Molecular screening of transitional B cells as a prognostic marker of improved graft outcome and reduced rejection risk in kidney transplant
- PMID: 39192987
- PMCID: PMC11348389
- DOI: 10.3389/fimmu.2024.1433832
Molecular screening of transitional B cells as a prognostic marker of improved graft outcome and reduced rejection risk in kidney transplant
Abstract
Introduction: Understanding immune cell dynamics in kidney transplantation may provide insight into the mechanisms of rejection and improve patient management. B cells have gained interest with a special relevance of the "regulatory" subsets and their graft outcome prognostic value. In this study, we aimed to prove that the direct immunophenotyping and target gene expression analysis of kidney transplant patients' fresh whole blood will help to identify graft rejection risk and assist in the monitoring of kidney transplanted patients.

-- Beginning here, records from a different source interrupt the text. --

lemma swap_pos_cover_less:
  assumes inj: "inj_on u {1..n}" and ij: "1 \<le> i" "i < j" "j \<le> n"
    and cover: "inv_num n (swap_pos u i j) = inv_num n u + 1"
  shows "u i < u j"
proof (rule ccontr)
  assume "\<not> u i < u j"
  moreover have "u i \<noteq> u j" using inj ij by (auto dest: inj_onD)
  ultimately have gt: "u j < u i" by simp
  have "inversions n (swap_pos u i j) \<inter> end_pairs i j \<subseteq> inversions n u \<inter> end_pairs i j - {(i, j)}"
    using gt by (auto simp: inversions_def end_pairs_def swap_pos_apply)
  moreover have "(i, j) \<in> inversions n u \<inter> end_pairs i j"
    using ij gt by (simp add: inversions_def end_pairs_def)
  ultimately have "card (inversions n (swap_pos u i j) \<inter> end_pairs i j)
                 < card (inversions n u \<inter> end_pairs i j)"
    by (intro psubset_card_mono) auto
  then show False
    using inv_num_swap_pos_balance[OF ij, of u] cover by linarith
qed

lemma swap_pos_cover_no_value_between:
  assumes ij: "1 \<le> i" "i < j" "j \<le> n" and q: "i < q" "q < j"
    and cover: "inv_num n (swap_pos u i j) = inv_num n u + 1"
  shows "\<not> (u i < u q \<and> u q < u j)"
proof
  assume between: "u i < u q \<and> u q < u j"
  let ?new = "{(i, j), (i, q), (q, j)}"
  have "(p, p') \<in> inversions n (swap_pos u i j) \<inter> end_pairs i j"
    if old: "(p, p') \<in> inversions n u \<inter> end_pairs i j" for p p'
  proof -
    have "p = i \<and> p' < j \<or> i < p \<and> p < j \<and> p' = j"
      using old between by (cases "(p, p') = (i, j)") (auto simp: inversions_def end_pairs_def)
    moreover have "swap_pos u i j i = u j" "swap_pos u i j j = u i"
      by (simp_all add: swap_pos_apply)
    moreover have "swap_pos u i j x = u x" if "i < x" "x < j" for x
      using that by (simp add: swap_pos_apply)
    ultimately show ?thesis
      using old between by (auto simp: inversions_def end_pairs_def)
  qed
  moreover have "?new \<subseteq> inversions n (swap_pos u i j) \<inter> end_pairs i j"
    using ij q between by (auto simp: inversions_def end_pairs_def swap_pos_apply)
  ultimately have sub: "inversions n u \<inter> end_pairs i j \<union> ?new
                 \<subseteq> inversions n (swap_pos u i j) \<inter> end_pairs i j"
    by auto
  have "card (inversions n u \<inter> end_pairs i j) + 3 = card (inversions n u \<inter> end_pairs i j \<union> ?new)"
    using q between by (subst card_Un_disjoint) (simp, simp, auto simp: inversions_def)
  also have "\<dots> \<le> card (inversions n (swap_pos u i j) \<inter> end_pairs i j)"
    using sub by (intro card_mono) simp_all
  finally show False
    using inv_num_swap_pos_balance[OF ij, of u] cover by linarith
qed

lemma kcover_less:
  assumes "kcover n k u w i j"
  shows "u i < u j"
  using assms swap_pos_cover_less[OF permutes_inj_on] by (auto simp: kcover_def)

lemma kcover_no_value_between:
  assumes "kcover n k u w i j" "i < q" "q < j"
  shows "\<not> (u i < u q \<and> u q < u j)"
  using assms swap_pos_cover_no_value_between by (auto simp: kcover_def)

lemma kcover_fixes_smaller_values:
  assumes "kcover n k u w i j" "u p < u i"
  shows "w p = u p"
proof -
  have "p \<noteq> i" "p \<noteq> j" using assms kcover_less[OF assms(1)] by auto
  then show ?thesis using assms(1) by (simp add: kcover_def swap_pos_apply)
qed

definition is_rl_max :: "nat \<Rightarrow> (nat \<Rightarrow> nat) \<Rightarrow> nat \<Rightarrow> bool" where
  "is_rl_max n v c \<longleftrightarrow> (\<forall>q. c < q \<and> q \<le> n \<longrightarrow> v q < v c)"

lemma is_rl_max_longest: "1 \<le> c \<Longrightarrow> is_rl_max n (longest n) c"
  by (auto simp: is_rl_max_def longest_def)

lemma is_rl_max_kcover_source:
  assumes cover: "kcover n k u w i j" and "c \<noteq> i" and rl: "is_rl_max n w c"
  shows "is_rl_max n u c"
  unfolding is_rl_max_def
proof (intro allI impI)
  fix q assume q: "c < q \<and> q \<le> n"
  have ij: "1 \<le> i" "i < j" "j \<le> n" and w: "w = swap_pos u i j"
    using cover by (auto simp: kcover_def)
  have w_apply: "w x = u (if x = i then j else if x = j then i else x)" for x
    using w by (simp add: swap_pos_apply)
  have w_less: "w x < w c" if "c < x" "x \<le> n" for x
    using rl that by (simp add: is_rl_max_def)
  have "u i < u j" using kcover_less[OF cover] .
  consider "c = j" | "c \<noteq> j" "q = i" | "c \<noteq> j" "q = j" "c < i" | "c \<noteq> j" "q = j" "i < c"
    | "c \<noteq> j" "q \<noteq> i" "q \<noteq> j"
    using \<open>c \<noteq> i\<close> by fastforce
  then show "u q < u c"
  proof cases
    case 4
    have "inj_on u {1..n}" using cover by (auto simp: kcover_def intro: permutes_inj_on)
    then have "u c \<noteq> u j" using \<open>c \<noteq> j\<close> 4 ij q by (auto dest: inj_onD)
    moreover have "u i < u c" using w_less[of j] 4 q \<open>c \<noteq> i\<close> by (simp add: w_apply)
    ultimately show ?thesis
      using kcover_no_value_between[OF cover, of c] 4 q by auto
  qed (use w_less[of q] w_less[of j] w_less[of i] q ij \<open>c \<noteq> i\<close> \<open>u i < u j\<close> in
      \<open>auto simp: w_apply\<close>)
qed

text \<open>A recursive form of inc_kchain, where a bounds from below the smaller
  exchanged values of all remaining steps.\<close>

inductive inc_kchain_from :: "nat \<Rightarrow> nat \<Rightarrow> nat \<Rightarrow> (nat \<Rightarrow> nat) list \<Rightarrow> bool" for n k where
  single: "inc_kchain_from n k a [v]"
| cover: "kcover n k v (hd vs) i j \<Longrightarrow> a \<le> v i \<Longrightarrow> inc_kchain_from n k (Suc (v i)) vs
    \<Longrightarrow> inc_kchain_from n k a (v # vs)"

lemma inc_kchain_from_nonempty: "inc_kchain_from n k a vs \<Longrightarrow> vs \<noteq> []"
  by (induction rule: inc_kchain_from.induct) auto

lemma inc_kchain_from_witnesses:
  assumes "vs \<noteq> []" "length as = length vs - 1" "sorted_wrt (<) as" "\<forall>b\<in>set as. a \<le> b"
    and "\<forall>s < length vs - 1. \<exists>i j. kcover n k (vs ! s) (vs ! Suc s) i j \<and>
           as ! s = min ((vs ! s) i) ((vs ! s) j)"
  shows "inc_kchain_from n k a vs"
  using assms
proof (induction vs arbitrary: as a)
  case Nil
  then show ?case by simp
next
  case (Cons v vs)
  show ?case
  proof (cases "vs = []")
    case True
    then show ?thesis by (simp add: inc_kchain_from.single)
  next
    case False
    then obtain b as' where as: "as = b # as'"
      using Cons.prems(2) by (cases as) auto
    obtain i j where step: "kcover n k v (hd vs) i j" "b = min (v i) (v j)"
      using Cons.prems(5) False as by (auto simp: hd_conv_nth)
    then have "b = v i" using kcover_less[OF step(1)] by simp
    have "\<forall>s < length vs - 1. \<exists>i j. kcover n k (vs ! s) (vs ! Suc s) i j \<and>
            as' ! s = min ((vs ! s) i) ((vs ! s) j)"
    proof (intro allI impI)
      fix s assume "s < length vs - 1"
      then show "\<exists>i j. kcover n k (vs ! s) (vs ! Suc s) i j \<and> as' ! s = min ((vs ! s) i) ((vs ! s) j)"
        using Cons.prems(5)[rule_format, of "Suc s"] as by simp
    qed
    then have "inc_kchain_from n k (Suc b) vs"
      using Cons.prems(2-4) False as by (intro Cons.IH) auto
    then show ?thesis
      using step(1) Cons.prems(4) as \<open>b = v i\<close> by (auto intro: inc_kchain_from.cover)
  qed
qed

lemma inc_kchain_imp_inc_kchain_from: "inc_kchain n k vs \<Longrightarrow> inc_kchain_from n k 0 vs"
  unfolding inc_kchain_def by (auto intro: inc_kchain_from_witnesses)

lemma inc_kchain_from_last_eq:
  assumes "inc_kchain_from n k a vs" "hd vs p < a"
  shows "last vs p = hd vs p"
  using assms
proof (induction rule: inc_kchain_from.induct)
  case (single a v)
  then show ?case by simp
next
  case (cover v vs i j a)
  have "hd vs p = v p"
    using cover.prems cover.hyps(2) by (intro kcover_fixes_smaller_values[OF cover.hyps(1)]) simp
  then show ?case
    using cover inc_kchain_from_nonempty by auto
qed

lemma is_rl_max_hd_inc_kchain_from:
  assumes "inc_kchain_from n k a vs" "is_rl_max n (last vs) k" "is_rl_max n (last vs) c" "c \<noteq> k"
  shows "is_rl_max n (hd vs) c"
  using assms
proof (induction rule: inc_kchain_from.induct)
  case (single a v)
  then show ?case by simp
next
  case (cover v vs i j a)
  have "vs \<noteq> []" using cover.hyps(3) by (rule inc_kchain_from_nonempty)
  then have rl_last: "is_rl_max n (last vs) k" "is_rl_max n (last vs) c"
    using cover.prems by auto
  then have rl_hd: "is_rl_max n (hd vs) c" using cover.IH \<open>c \<noteq> k\<close> by blast
  show ?case
  proof (cases "c = i")
    case False
    then show ?thesis using is_rl_max_kcover_source[OF cover.hyps(1) False rl_hd] by simp
  next
    case True
    txt \<open>The value v i moves to position j > k, above the value at k, and both stay put.\<close>
    have ij: "1 \<le> i" "i < k" "k < j" "j \<le> n" and w: "hd vs = swap_pos v i j"
      and inj: "inj_on v {1..n}"
      using cover.hyps(1) True \<open>c \<noteq> k\<close> by (auto simp: kcover_def intro: permutes_inj_on)
    have w_k: "hd vs k = v k" and w_i: "hd vs i = v j" and w_j: "hd vs j = v i"
      using w ij by (simp_all add: swap_pos_apply)
    have "hd vs k < hd vs i" using rl_hd True ij by (simp add: is_rl_max_def)
    then have "\<not> v i < v k"
      using kcover_no_value_between[OF cover.hyps(1), of k] ij w_k w_i by auto
    moreover have "v k \<noteq> v i" using inj ij by (auto dest: inj_onD)
    ultimately have small: "hd vs k < hd vs j" using w_k w_j by simp
    have "last vs k = hd vs k" "last vs j = hd vs j"
      using small w_j by (simp_all add: inc_kchain_from_last_eq[OF cover.hyps(3)])
    then have "\<not> is_rl_max n (last vs) k"
      using small ij by (auto simp: is_rl_max_def)
    then show ?thesis using rl_last by simp
  qed
qed

lemma compatible_ConsE:
  assumes "compatible n vs (k # ks)"
  obtains v vs' ch where "vs = v # vs'" "compatible n vs' ks"
    "inc_kchain n k ch" "hd ch = v" "last ch = hd vs'"
proof -
  have "length vs = Suc (Suc (length ks))" using assms by (simp add: compatible_def)
  then obtain v vs' where vs: "vs = v # vs'" and "vs' \<noteq> []"
    by (auto simp: length_Suc_conv)
  moreover obtain ch where "inc_kchain n k ch" "hd ch = v" "last ch = hd vs'"
    using assms vs \<open>vs' \<noteq> []\<close> by (auto simp: compatible_def hd_conv_nth)
  moreover have "compatible n vs' ks"
    unfolding compatible_def
  proof (intro conjI allI impI)
    show "length vs' = length ks + 1" using assms vs by (simp add: compatible_def)
    fix s assume "s < length ks"
    then show "\<exists>c. inc_kchain n (ks ! s) c \<and> hd c = vs' ! s \<and> last c = vs' ! Suc s"
      using assms[unfolded compatible_def, THEN conjunct2, rule_format, of "Suc s"] vs by simp
  qed
  ultimately show ?thesis using that by blast
qed

lemma is_rl_max_hd_compatible:
  assumes "compatible n vs ks" "distinct ks" "\<forall>k\<in>set ks. 1 \<le> k" "last vs = longest n"
    and "1 \<le> c" "c \<notin> set ks"
  shows "is_rl_max n (hd vs) c"
  using assms
proof (induction ks arbitrary: vs c)
  case Nil
  then have "hd vs = last vs" by (cases vs) (auto simp: compatible_def)
  then show ?case using Nil is_rl_max_longest by simp
next
  case (Cons k ks)
  obtain v vs' ch where vs: "vs = v # vs'" "compatible n vs' ks"
    and ch: "inc_kchain n k ch" "hd ch = v" "last ch = hd vs'"
    using Cons.prems(1) by (rule compatible_ConsE)
  have "vs' \<noteq> []" using vs(2) by (auto simp: compatible_def)
  then have "last vs' = longest n" using vs(1) Cons.prems(4) by simp
  then have "is_rl_max n (hd vs') k" "is_rl_max n (hd vs') c"
    using Cons vs(2) by auto
  then show ?case
    using is_rl_max_hd_inc_kchain_from[OF inc_kchain_imp_inc_kchain_from[OF ch(1)]] ch vs(1)
      Cons.prems(6) by auto
qed

lemma rl_max_prefix_eq_longest:
  assumes w: "w permutes {1..n}" and "i \<le> n" "1 \<le> i"
    and rl: "\<And>c. 1 \<le> c \<Longrightarrow> c \<le> i \<Longrightarrow> is_rl_max n w c"
  shows "w i = n + 1 - i"
  using assms(2-4)
proof (induction i rule: less_induct)
  case (less i)
  have prefix: "w p = n + 1 - p" if "1 \<le> p" "p < i" for p
    using less that by simp
  have img: "w ` {1..n} = {1..n}" using w by (rule permutes_image)
  moreover have "n + 1 - i \<in> {1..n}" using less.prems by auto
  ultimately obtain p where p: "p \<in> {1..n}" "w p = n + 1 - i"
    by (metis imageE)
  have "w i \<in> {1..n}" using img less.prems by auto
  consider "p < i" | "p = i" | "i < p" by linarith
  then show ?case
  proof cases
    case 1
    then show ?thesis using prefix[of p] p less.prems by auto
  next
    case 2
    then show ?thesis using p by simp
  next
    case 3
    moreover have "is_rl_max n w i" using less.prems by simp
    ultimately have "w p < w i" using p(1) unfolding is_rl_max_def by auto
    then have "n + 1 - i < w i" using p by simp
    then have "w (n + 1 - w i) = w i" using prefix[of "n + 1 - w i"] \<open>w i \<in> {1..n}\<close> by auto
    then have "n + 1 - w i = i"
      using permutes_inj[OF w] by (simp add: inj_eq)
    then show ?thesis using \<open>w i \<in> {1..n}\<close> by auto
  qed
qed

theorem lemma5p11:
  fixes n :: nat and ks :: "nat list" and w :: "nat \<Rightarrow> nat"
  assumes "w permutes {1..n}"
    and "ks \<noteq> []" and "distinct ks" and "\<forall>k\<in>set ks. 1 \<le> k \<and> k \<le> n - 1"
    and "\<exists>vs. compatible n vs ks \<and> hd vs = w \<and> last vs = longest n"
  shows "\<forall>i\<in>{1..Min (set ks) - 1}. w i = n + 1 - i"
proof
  fix i assume i: "i \<in> {1..Min (set ks) - 1}"
  obtain vs where vs: "compatible n vs ks" "hd vs = w" "last vs = longest n"
    using assms(5) by blast
  have "Min (set ks) \<in> set ks" using assms(2) by simp
  then have "i < Min (set ks)" "Min (set ks) \<le> n" using i assms(4) by fastforce+
  have "is_rl_max n w c" if "1 \<le> c" "c \<le> i" for c
  proof -
    have "c \<notin> set ks" using that \<open>i < Min (set ks)\<close> by (metis List.finite_set Min_le not_le le_less_trans)
    then show ?thesis using is_rl_max_hd_compatible[OF vs(1) assms(3) _ vs(3)] assms(4) vs(2) that by blast
  qed
  then show "w i = n + 1 - i"
    using rl_max_prefix_eq_longest[OF assms(1)] i \<open>i < Min (set ks)\<close> \<open>Min (set ks) \<le> n\<close> by simp
qed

Methods: We employed flow cytometry and qPCR techniques to characterize B and T cell subsets within fresh whole blood samples, with particular emphasis on transitional B cells (TrB) identified as CD19+CD24hiCD38hi. TrB are a relevant population in the context of kidney transplantation and are closely associated with regulatory B cells (Bregs) in humans. Patients were monitored, tracking pertinent clinical parameters and kidney-related events, including alterations in graft function and episodes of biopsy proven rejection.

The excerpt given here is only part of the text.